WCC News: In Burkina Faso, Week of Prayer for Christian Unity drew churches together in unprecedented ways

Ezéchiel Hébié from the Chemin Neuf community in Burkina Faso, took a look back on the Week of Prayer for Christian Unity, recently celebrated in southern hemisphere. Hébié was also part of the drafting group of Week of Prayer for Christian Unity materials for 2024. 
Ezéchiel Hébié, member of the drafting group of the Week of Prayer for Christian Unity 2024 materials from the Chemin Neuf community in Burkina Faso. Photo: courtesy of Ezéchiel Hébié
17 June 2024

“The experience of the Week of Prayer for Christian Unity 2024 Resource Writing Group is a first for ecumenism in Burkina Faso,” said Hébié. “I believe that the seeds sown by this collaborative work have had significant effects on several levels.”

The first effect is deeper mutual knowledge among various churches in Burkina Faso, he said, adding that the second effect is a greater interest in and awareness of the importance of praying for Christian unity. 

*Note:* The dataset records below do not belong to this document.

text \<open>E[ F(s_h, a_h, b_h, s_{h+1}) ] along a trajectory generated by (lp, nu).\<close>
definition Etraj :: "('s::finite \<Rightarrow> real) \<Rightarrow> (nat \<Rightarrow> 's \<Rightarrow> 'a \<Rightarrow> 'b \<Rightarrow> 's \<Rightarrow> real)
    \<Rightarrow> (nat \<Rightarrow> 's \<Rightarrow> 'b::finite \<Rightarrow> 'a::finite \<Rightarrow> real) \<Rightarrow> (nat \<Rightarrow> 's \<Rightarrow> 'b \<Rightarrow> real) \<Rightarrow> nat
    \<Rightarrow> ('s \<Rightarrow> 'a \<Rightarrow> 'b \<Rightarrow> 's \<Rightarrow> real) \<Rightarrow> real" where
  "Etraj rho0 P lp nu h F =
     (\<Sum>s\<in>UNIV. \<Sum>a\<in>UNIV. \<Sum>b\<in>UNIV. \<Sum>s'\<in>UNIV.
        stdist rho0 P lp nu h s * nu h s b * lp h s b a * P h s a b s' * F s a b s')"

end

theory Submission
  imports Defs
begin

(* Along a trajectory of (pi, nu^pi) the leader value obeys the Bellman identity
   E[W_h(s_h)] = E[u_h(s_h,a_h,b_h)] + E[W_{h+1}(s_{h+1})], since nu^pi is the follower policy inside W_h.
   Replacing nu^pi by nu~ in T_h moves (T_h U~_h)(s) by at most H ||nu~_h(.|s) - nu^pi_h(.|s)||_1, because
   |U~_h| <= H.  Together they bound the gap E[(T_h^{pi,nu~} U~_h)(s_h)] - E[W_h(s_h)] by the h-th summand
   plus the gap at h+1, where any function V of s_{h+1} may stand in for T_{h+1} U~_{h+1}.  Summing over h
   telescopes: the gap vanishes at H+1 and is the left-hand side at h = 1.  For W~ one adds and subtracts
   E[(T_h U~_h)(s_h)] and takes V = W~_{h+1}. *)

definition Estate :: "('s::finite \<Rightarrow> real) \<Rightarrow> (nat \<Rightarrow> 's \<Rightarrow> 'a \<Rightarrow> 'b \<Rightarrow> 's \<Rightarrow> real)
    \<Rightarrow> (nat \<Rightarrow> 's \<Rightarrow> 'b::finite \<Rightarrow> 'a::finite \<Rightarrow> real) \<Rightarrow> (nat \<Rightarrow> 's \<Rightarrow> 'b \<Rightarrow> real) \<Rightarrow> nat
    \<Rightarrow> ('s \<Rightarrow> real) \<Rightarrow> real" where
  "Estate rho0 P lp nu h g = (\<Sum>s\<in>UNIV. stdist rho0 P lp nu h s * g s)"

lemma Estate_1: "Estate rho0 P lp nu 1 g = (\<Sum>s\<in>UNIV. rho0 s * g s)"
  by (simp add: Estate_def stdist_def)

lemma Estate_diff:
  "Estate rho0 P lp nu h (\<lambda>s. f s - g s) = Estate rho0 P lp nu h f - Estate rho0 P lp nu h g"
  by (simp add: Estate_def right_diff_distrib sum_subtractf)

lemma Estate_mono:
  assumes "\<And>s. 0 \<le> stdist rho0 P lp nu h s" and "\<And>s. f s \<le> g s"
  shows "Estate rho0 P lp nu h f \<le> Estate rho0 P lp nu h g"
  unfolding Estate_def by (rule sum_mono) (simp add: assms mult_left_mono)

lemma stmarg_nonneg:
  assumes "\<And>s. 0 \<le> rho0 s"
    and "\<And>k s a b s'. k \<in> {1..n} \<Longrightarrow> 0 \<le> nu k s b \<and> 0 \<le> lp k s b a \<and> 0 \<le> P k s a b s'"
  shows "0 \<le> stmarg rho0 P lp nu n s"
  using assms(2)
proof (induction n arbitrary: s)
  case 0
  then show ?case by (simp add: assms(1))
next
  case (Suc n)
  then show ?case by (auto intro!: sum_nonneg mult_nonneg_nonneg)
qed

lemma Etraj_add:
  "Etraj rho0 P lp nu h (\<lambda>s a b s'. F s a b s' + G s a b s')
     = Etraj rho0 P lp nu h F + Etraj rho0 P lp nu h G"
  by (simp add: Etraj_def distrib_left sum.distrib)

lemma Etraj_diff:
  "Etraj rho0 P lp nu h (\<lambda>s a b s'. F s a b s' - G s a b s')
     = Etraj rho0 P lp nu h F - Etraj rho0 P lp nu h G"
  by (simp add: Etraj_def right_diff_distrib sum_subtractf)

lemma Etraj_eq_Estate_Top:
  "Etraj rho0 P lp nu h F
     = Estate rho0 P lp nu h (Top lp nu h (\<lambda>s a b. \<Sum>s'\<in>UNIV. P h s a b s' * F s a b s'))"
  by (simp add: Etraj_def Estate_def Top_def sum_distrib_left sum_distrib_right mult_ac)

lemma Etraj_state_action:
  assumes "\<And>s a b. (\<Sum>s'\<in>UNIV. P h s a b s') = 1"
  shows "Etraj rho0 P lp nu h (\<lambda>s a b s'. f s a b) = Estate rho0 P lp nu h (Top lp nu h f)"
  by (simp add: Etraj_eq_Estate_Top assms flip: sum_distrib_right)

lemma Top_const:
  assumes "\<And>b. (\<Sum>a\<in>UNIV. lp h s b a) = 1" and "(\<Sum>b\<in>UNIV. nu h s b) = 1"
  shows "Top lp nu h (\<lambda>s a b. c s) s = c s"
proof -
  have "Top lp nu h (\<lambda>s a b. c s) s = c s * (\<Sum>b\<in>UNIV. nu h s b * (\<Sum>a\<in>UNIV. lp h s b a))"
    unfolding Top_def by (subst sum.swap) (simp add: sum_distrib_left sum_distrib_right mult_ac)
  then show ?thesis using assms by simp
qed

lemma Etraj_state:
  assumes "\<And>s a b. (\<Sum>s'\<in>UNIV. P h s a b s') = 1"
    and "\<And>s b. (\<Sum>a\<in>UNIV. lp h s b a) = 1" and "\<And>s. (\<Sum>b\<in>UNIV. nu h s b) = 1"
  shows "Etraj rho0 P lp nu h (\<lambda>s a b s'. g s) = Estate rho0 P lp nu h g"
proof -
  have "Top lp nu h (\<lambda>s a b. g s) = g"
    by (rule ext, rule Top_const) (simp_all add: assms(2,3))
  then show ?thesis by (simp add: Etraj_state_action assms(1))
qed

lemma Etraj_next_state:
  assumes "1 \<le> h"
  shows "Etraj rho0 P lp nu h (\<lambda>s a b s'. g s') = Estate rho0 P lp nu (Suc h) g"
proof -
  obtain k where h: "h = Suc k" using assms by (cases h) auto
  have "Etraj rho0 P lp nu h (\<lambda>s a b s'. g s') =
      (\<Sum>s'\<in>UNIV. \<Sum>s\<in>UNIV. \<Sum>a\<in>UNIV. \<Sum>b\<in>UNIV.
         stmarg rho0 P lp nu k s * nu h s b * lp h s b a * P h s a b s' * g s')"
    unfolding Etraj_def stdist_def h
    by (subst (3) sum.swap, subst (2) sum.swap, subst sum.swap) (simp add: mult.assoc)
  also have "\<dots> = Estate rho0 P lp nu (Suc h) g"
    unfolding Estate_def stdist_def h by (simp add: sum_distrib_right)
  finally show ?thesis .
qed

lemma Top_diff_le:
  assumes "\<And>b. is_dist (lp h s b)" and "\<And>a b. \<bar>f s a b\<bar> \<le> c"
  shows "Top lp nu h f s - Top lp nu' h f s \<le> c * (\<Sum>b\<in>UNIV. \<bar>nu h s b - nu' h s b\<bar>)"
proof -
  let ?F = "\<lambda>b. \<Sum>a\<in>UNIV. f s a b * lp h s b a"
  have F_bound: "\<bar>?F b\<bar> \<le> c" for b
  proof -
    have "\<bar>?F b\<bar> \<le> (\<Sum>a\<in>UNIV. \<bar>f s a b * lp h s b a\<bar>)"
      by (rule sum_abs)
    also have "\<dots> \<le> (\<Sum>a\<in>UNIV. c * lp h s b a)"
      using assms unfolding is_dist_def by (intro sum_mono) (simp add: abs_mult mult_right_mono)
    also have "\<dots> = c"
      using assms(1) by (simp add: is_dist_def flip: sum_distrib_left)
    finally show ?thesis .
  qed
  have "Top lp nu h f s - Top lp nu' h f s = (\<Sum>b\<in>UNIV. (nu h s b - nu' h s b) * ?F b)"
    unfolding Top_def
    by (subst (1 2) sum.swap)
      (simp add: sum_distrib_left mult_ac right_diff_distrib flip: sum_subtractf)
  also have "\<dots> \<le> (\<Sum>b\<in>UNIV. \<bar>nu h s b - nu' h s b\<bar> * c)"
  proof (rule sum_mono)
    fix b
    have "(nu h s b - nu' h s b) * ?F b \<le> \<bar>nu h s b - nu' h s b\<bar> * \<bar>?F b\<bar>"
      by (simp flip: abs_mult)
    then show "(nu h s b - nu' h s b) * ?F b \<le> \<bar>nu h s b - nu' h s b\<bar> * c"
      using F_bound[of b] by (meson abs_ge_zero mult_left_mono order.trans)
  qed
  finally show ?thesis by (simp add: sum_distrib_left mult_ac)
qed

lemma Estate_Top_le:
  assumes "\<And>s. 0 \<le> stdist rho0 P lp nu h s"
    and "\<And>s a b. (\<Sum>s'\<in>UNIV. P h s a b s') = 1"
    and "\<And>s b. is_dist (lp h s b)" and "\<And>s. (\<Sum>b\<in>UNIV. nu h s b) = 1"
    and "\<And>s a b. \<bar>f s a b\<bar> \<le> c"
  shows "Estate rho0 P lp nu h (Top lp nu' h f)
    \<le> Etraj rho0 P lp nu h (\<lambda>s a b s'. f s a b)
      + c * Etraj rho0 P lp nu h (\<lambda>s a b s'. \<Sum>b'\<in>UNIV. \<bar>nu' h s b' - nu h s b'\<bar>)"
proof -
  have lp_sum: "\<And>s b. (\<Sum>a\<in>UNIV. lp h s b a) = 1"
    using assms(3) by (simp add: is_dist_def)
  have "Estate rho0 P lp nu h (Top lp nu' h f)
    \<le> Estate rho0 P lp nu h (\<lambda>s. Top lp nu h f s + c * (\<Sum>b'\<in>UNIV. \<bar>nu' h s b' - nu h s b'\<bar>))"
  proof (rule Estate_mono[OF assms(1)])
    fix s
    have "Top lp nu' h f s - Top lp nu h f s \<le> c * (\<Sum>b'\<in>UNIV. \<bar>nu' h s b' - nu h s b'\<bar>)"
      by (rule Top_diff_le) (simp_all add: assms(3,5))
    then show "Top lp nu' h f s \<le> Top lp nu h f s + c * (\<Sum>b'\<in>UNIV. \<bar>nu' h s b' - nu h s b'\<bar>)"
      by simp
  qed
  also have "\<dots> = Etraj rho0 P lp nu h (\<lambda>s a b s'. f s a b)
      + c * Etraj rho0 P lp nu h (\<lambda>s a b s'. \<Sum>b'\<in>UNIV. \<bar>nu' h s b' - nu h s b'\<bar>)"
    unfolding Etraj_state[where P = P and h = h and lp = lp and nu = nu, OF assms(2) lp_sum assms(4)]
    unfolding Etraj_state_action[where P = P and h = h, OF assms(2)]
    by (simp add: Estate_def sum.distrib sum_distrib_left algebra_simps)
  finally show ?thesis .
qed

lemma qrV_recursion:
  assumes "1 \<le> h" "h \<le> H"
  shows "qrV eta gamma H r P lp h s
    = ln (\<Sum>b\<in>UNIV. exp (eta * qrQ eta gamma H r P lp h s b)) / eta"
proof -
  have "Suc H - h = Suc (H - h)" "H - (H - h) = h" "Suc H - Suc h = H - h"
    using assms by auto
  then show ?thesis unfolding qrV_def qrQ_def by simp
qed
text \<open>The (A1)
  square of (u+1,v,w) whiskered by alpha(u,u+1), pasted with that of (u,u+1,w), has by (A2)
  at levels z and z-1 the same edges as the pasting of the associator square, the
  (A1) square of (u,u+1,v) whiskered by alpha(v,w) and the desired square; the first
  two have invertible bottom edges and are cancelled.\<close>

lemma A1_step:
  assumes uv: "Suc u < v" and vw: "v < w" "w \<le> j" and z: "1 \<le> z" "z \<le> k"
    and IH: "A1_square z (Suc u) v w"
  shows "A1_square z u v w"
proof -
  let ?y = "z - 1"
  have a: "arr2 B (alpha z u (Suc u)) (f ?y u (Suc u)) (f z u (Suc u))"
    and b: "arr2 B (alpha z (Suc u) v) (f ?y (Suc u) v) (f z (Suc u) v)"
    and c: "arr2 B (alpha z v w) (f ?y v w) (f z v w)"
    using alpha_arr assms by simp_all
  have sq_uv: "A1_square z u (Suc u) v" and sq_uw: "A1_square z u (Suc u) w"
    using A1_first assms by simp_all
  have left: "square (id2 B (f z v w) \<star> \<iota> z u (Suc u) v)
      (alpha z v w \<star> (alpha z (Suc u) v \<star> alpha z u (Suc u))) (alpha z v w \<star> alpha z u v)
      (id2 B (f ?y v w) \<star> \<iota> ?y u (Suc u) v)"
    using square_whisker_left[OF sq_uv alpha_hcomp_arr c] assms by (simp add: cell_simps)
  have right: "square (\<iota> z (Suc u) v w \<star> id2 B (f z u (Suc u)))
      ((alpha z v w \<star> alpha z (Suc u) v) \<star> alpha z u (Suc u)) (alpha z (Suc u) w \<star> alpha z u (Suc u))
      (\<iota> ?y (Suc u) v w \<star> id2 B (f ?y u (Suc u)))"
    using square_whisker_right[OF IH alpha_hcomp_arr a] assms by (simp add: cell_simps)
  have "square ((\<iota> z u v w \<cdot> (id2 B (f z v w) \<star> \<iota> z u (Suc u) v))
                  \<cdot> assoc B (f z v w) (f z (Suc u) v) (f z u (Suc u)))
      ((alpha z v w \<star> alpha z (Suc u) v) \<star> alpha z u (Suc u)) (alpha z u w)
      ((\<iota> ?y u v w \<cdot> (id2 B (f ?y v w) \<star> \<iota> ?y u (Suc u) v))
                  \<cdot> assoc B (f ?y v w) (f ?y (Suc u) v) (f ?y u (Suc u)))"
    using square_paste[OF right sq_uw] A2_at[of u "Suc u" v w z] A2_at[of u "Suc u" v w ?y] assms
    by simp
  then have "square (\<iota> z u v w \<cdot> (id2 B (f z v w) \<star> \<iota> z u (Suc u) v))
      (alpha z v w \<star> (alpha z (Suc u) v \<star> alpha z u (Suc u))) (alpha z u w)
      (\<iota> ?y u v w \<cdot> (id2 B (f ?y v w) \<star> \<iota> ?y u (Suc u) v))"
    using square_cancel[OF _ square_assoc[OF a b c] assoc_f_arr A2_lhs_arr assoc_f_arr A2_lhs_arr
        assoc_f_iso] assms by (simp add: cell_simps)
  then show ?thesis
    using square_cancel[OF _ left iota_whisker_arr iota_arr iota_whisker_arr iota_arr iota_whisker_iso]
      assms by simp
qed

For example, in the Archdiocese of Ouagadougou, meetings were organised with all the local parish representatives responsible for Christian unity issues, and Week of Prayer for Christian Unity materials were printed and distributed to all the parishes. 

“A third notable effect was that ecumenical alliances were forged between churches of different denominations, Catholic and Protestant,” said Hébié.

The high point of the celebration for Hébié was welcoming brothers and sisters of different Christian denominations and representatives of various Christian churches, to whom he gave the water of fraternal welcome in gourds and an embrace to express their love for each other.

The theme of the Week of Prayer for Christian Unity 2024 was “You shall love the Lord your God ... and your neighbour as yourself" (Luke 10:27).

“I would say that this theme is more than topical in today's world, which is marked by an upsurge in armed conflicts and wars, inter-community conflicts, terrorism and jihadism, extreme violence just about everywhere in the cities on the one hand, and on the other hand by tougher conditions for crossing borders between countries and taking in refugees, a resurgence of nationalism and rejection of migrants,” said Hébié. 

“In addition, there are global social and economic injustices marked by the extreme poverty of millions of people suffering from hunger every year in a so-called developed world marked by the waste of thousands of tonnes of food and global wealth held by a minority of rich people who refuse to share more equitably and to help bring about truly sustainable development.”

All these difficult places and relationships call out to us and question the profound meaning of this theme of loving God and our neighbour as ourselves, Hébié noted. “Our world today is suffering more from a lack of love than from a lack of means!”

As 2025 marks the year that the World Council of Churches will commemorate the 1700th anniversary of the first Ecumenical Council at Nicaea, Hébié sees the commemoration as a unique opportunity. “This is an opportunity that churches and Christians throughout the world must seize to welcome more fully the richness of our reconciled diversities on the one hand, and on the other, to pray together and weave more alliances to draw closer together and break down even more the walls of separation that still exist between our churches,” he said. “And to do this, we can draw strength and grace from this commandment of love: love God and love your neighbour as yourself!”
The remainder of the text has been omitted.